- _WHAT YOU NEED TO DO_: Output every entry exactly as given.

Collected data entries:
..............................
(* Let $d\in\{1,2,3\}$ and let $K\subset M^{m\times n}$ be a $d$-dimensional linear subspace without Rank-$1$ connections. Let $M_1,\dots,M_{q_0}$ be all the $2\times2$ minors of $m\times n$ matrices. Then there exists $\beta\in\mathbb{R}^{q_0}\setminus\{0\}$ such that $\sum_{k=1}^{q_0}\beta_kM_k(X)\ge0$ for all $X\in K$ and $\sum_{k=1}^{q_0}\beta_kM_k\not\equiv0$ on $K$.
   Context: A set has Rank-$1$ connections if it contains $A\ne B$ with $\mathrm{Rank}(A-B)=1$. *)

theory Defs
  imports "HOL-Analysis.Analysis"
begin

definition has_rank1_connections :: "(real^'n^'m) set \<Rightarrow> bool" where
  "has_rank1_connections S \<longleftrightarrow> (\<exists>A\<in>S. \<exists>B\<in>S. A \<noteq> B \<and> rank (A - B) = 1)"

definition minor_indices :: "(('m::{finite,linorder}) \<times> 'm \<times> ('n::{finite,linorder}) \<times> 'n) set" where
  "minor_indices = {(i, j, k, l). i < j \<and> k < l}"

definition minor2 :: "'m \<times> 'm \<times> 'n \<times> 'n \<Rightarrow> real^'n^'m \<Rightarrow> real" where
  "minor2 idx X = (case idx of (i, j, k, l) \<Rightarrow> X$i$k * X$j$l - X$i$l * X$j$k)"

end

theory Submission
  imports Defs
begin

text \<open>If no such \<open>\<beta>\<close> exists, convex separation fails: \<open>0\<close> lies in the convex hull of the
  vectors of \<open>2\<times>2\<close> minors of the unit matrices of \<open>K\<close>. By Caratheodory this gives finitely
  many \<open>Y\<^sub>t \<in> K\<close>, not all zero, whose minors sum to zero. Polarising, the vectors
  \<open>\<phi>(x,b) = (x\<^sup>T Y\<^sub>t b)\<^sub>t\<close> satisfy \<open>\<phi>(x,a) \<bullet> \<phi>(y,b) = \<phi>(x,b) \<bullet> \<phi>(y,a)\<close>. For a vector \<open>a\<close>
  maximising \<open>dim {X a | X \<in> span Y}\<close>, a perturbation argument then puts every column of every
  matrix of \<open>span Y\<close> into that space. If \<open>X \<mapsto> X a\<close> is injective on \<open>span Y\<close>, the maps
  \<open>\<phi>(x,a) \<mapsto> \<phi>(x,b)\<close> are commuting symmetric operators, and a common eigenvector gives a
  rank-one matrix. Otherwise, as \<open>dim (span Y) \<le> 3\<close>, the columns and (by transposition) the
  rows of \<open>span Y\<close> lie in planes, and a three-dimensional space of \<open>2\<times>2\<close> matrices always
  contains a nonzero singular one. Either way \<open>K\<close> has a rank-one connection.\<close>

section \<open>Linear algebra\<close>

lemma dim_image_less_iff:
  fixes f :: "'a::euclidean_space \<Rightarrow> 'b::euclidean_space"
  assumes f: "linear f" and S: "subspace S"
  shows "dim (f ` S) < dim S \<longleftrightarrow> (\<exists>x\<in>S. x \<noteq> 0 \<and> f x = 0)"
proof
  assume lt: "dim (f ` S) < dim S"
  show "\<exists>x\<in>S. x \<noteq> 0 \<and> f x = 0"
  proof (rule ccontr)
    assume "\<not> (\<exists>x\<in>S. x \<noteq> 0 \<and> f x = 0)"
    then have "inj_on f (span S)"
      unfolding span_eq_iff[THEN iffD2, OF S] linear_inj_on_iff_eq_0[OF f S] by blast
    then show False using dim_image_eq[OF f] lt by simp
  qed
next
  assume "\<exists>x\<in>S. x \<noteq> 0 \<and> f x = 0"
  then obtain x where x: "x \<in> S" "x \<noteq> 0" "f x = 0" by blast
  obtain B where B: "x \<in> B" "B \<subseteq> S" "independent B" "S \<subseteq> span B"
    using maximal_independent_subset_extend[of "{x}" S] x by auto
  have fin: "finite B" using independent_bound[OF B(3)] by blast
  have "f ` S \<subseteq> span (f ` B)"
    using B(4) linear_span_image[OF f] by blast
  also have "\<dots> \<subseteq> span (insert 0 (f ` (B - {x})))"
    using x(3) by (intro span_mono) auto
  also have "\<dots> = span (f ` (B - {x}))" by simp
  finally have "dim (f ` S) \<le> card (f ` (B - {x}))"
    using fin by (intro dim_le_card) auto
  also have "\<dots> \<le> card (B - {x})" using fin by (rule card_image_le[OF finite_Diff])
  also have "\<dots> < card B" using fin B(1) by (rule card_Diff1_less)
  also have "\<dots> = dim S" using basis_card_eq_dim[OF B(2,4,3)] .
  finally show "dim (f ` S) < dim S" .
qed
..............................
- _RESPONSE_:
(* Let $d\in\{1,2,3\}$ and let $K\subset M^{m\times n}$ be a $d$-dimensional linear subspace without Rank-$1$ connections. Let $M_1,\dots,M_{q_0}$ be all the $2\times2$ minors of $m\times n$ matrices. Then there exists $\beta\in\mathbb{R}^{q_0}\setminus\{0\}$ such that $\sum_{k=1}^{q_0}\beta_kM_k(X)\ge0$ for all $X\in K$ and $\sum_{k=1}^{q_0}\beta_kM_k\not\equiv0$ on $K$.
   Context: A set has Rank-$1$ connections if it contains $A\ne B$ with $\mathrm{Rank}(A-B)=1$. *)

theory Defs
  imports "HOL-Analysis.Analysis"
begin

definition has_rank1_connections :: "(real^'n^'m) set \<Rightarrow> bool" where
  "has_rank1_connections S \<longleftrightarrow> (\<exists>A\<in>S. \<exists>B\<in>S. A \<noteq> B \<and> rank (A - B) = 1)"

definition minor_indices :: "(('m::{finite,linorder}) \<times> 'm \<times> ('n::{finite,linorder}) \<times> 'n) set" where
  "minor_indices = {(i, j, k, l). i < j \<and> k < l}"

definition minor2 :: "'m \<times> 'm \<times> 'n \<times> 'n \<Rightarrow> real^'n^'m \<Rightarrow> real" where
  "minor2 idx X = (case idx of (i, j, k, l) \<Rightarrow> X$i$k * X$j$l - X$i$l * X$j$k)"

end

theory Submission
  imports Defs
begin

text \<open>If no such \<open>\<beta>\<close> exists, convex separation fails: \<open>0\<close> lies in the convex hull of the
  vectors of \<open>2\<times>2\<close> minors of the unit matrices of \<open>K\<close>. By Caratheodory this gives finitely
  many \<open>Y\<^sub>t \<in> K\<close>, not all zero, whose minors sum to zero. Polarising, the vectors
  \<open>\<phi>(x,b) = (x\<^sup>T Y\<^sub>t b)\<^sub>t\<close> satisfy \<open>\<phi>(x,a) \<bullet> \<phi>(y,b) = \<phi>(x,b) \<bullet> \<phi>(y,a)\<close>. For a vector \<open>a\<close>
  maximising \<open>dim {X a | X \<in> span Y}\<close>, a perturbation argument then puts every column of every
  matrix of \<open>span Y\<close> into that space. If \<open>X \<mapsto> X a\<close> is injective on \<open>span Y\<close>, the maps
  \<open>\<phi>(x,a) \<mapsto> \<phi>(x,b)\<close> are commuting symmetric operators, and a common eigenvector gives a
  rank-one matrix. Otherwise, as \<open>dim (span Y) \<le> 3\<close>, the columns and (by transposition) the
  rows of \<open>span Y\<close> lie in planes, and a three-dimensional space of \<open>2\<times>2\<close> matrices always
  contains a nonzero singular one. Either way \<open>K\<close> has a rank-one connection.\<close>

section \<open>Linear algebra\<close>

lemma dim_image_less_iff:
  fixes f :: "'a::euclidean_space \<Rightarrow> 'b::euclidean_space"
  assumes f: "linear f" and S: "subspace S"
  shows "dim (f ` S) < dim S \<longleftrightarrow> (\<exists>x\<in>S. x \<noteq> 0 \<and> f x = 0)"
proof
  assume lt: "dim (f ` S) < dim S"
  show "\<exists>x\<in>S. x \<noteq> 0 \<and> f x = 0"
  proof (rule ccontr)
    assume "\<not> (\<exists>x\<in>S. x \<noteq> 0 \<and> f x = 0)"
    then have "inj_on f (span S)"
      unfolding span_eq_iff[THEN iffD2, OF S] linear_inj_on_iff_eq_0[OF f S] by blast
    then show False using dim_image_eq[OF f] lt by simp
  qed
next
  assume "\<exists>x\<in>S. x \<noteq> 0 \<and> f x = 0"
  then obtain x where x: "x \<in> S" "x \<noteq> 0" "f x = 0" by blast
  obtain B where B: "x \<in> B" "B \<subseteq> S" "independent B" "S \<subseteq> span B"
    using maximal_independent_subset_extend[of "{x}" S] x by auto
  have fin: "finite B" using independent_bound[OF B(3)] by blast
  have "f ` S \<subseteq> span (f ` B)"
    using B(4) linear_span_image[OF f] by blast
  also have "\<dots> \<subseteq> span (insert 0 (f ` (B - {x})))"
    using x(3) by (intro span_mono) auto
  also have "\<dots> = span (f ` (B - {x}))" by simp
  finally have "dim (f ` S) \<le> card (f ` (B - {x}))"
    using fin by (intro dim_le_card) auto
  also have "\<dots> \<le> card (B - {x})" using fin by (rule card_image_le[OF finite_Diff])
  also have "\<dots> < card B" using fin B(1) by (rule card_Diff1_less)
  also have "\<dots> = dim S" using basis_card_eq_dim[OF B(2,4,3)] .
  finally show "dim (f ` S) < dim S" .
qed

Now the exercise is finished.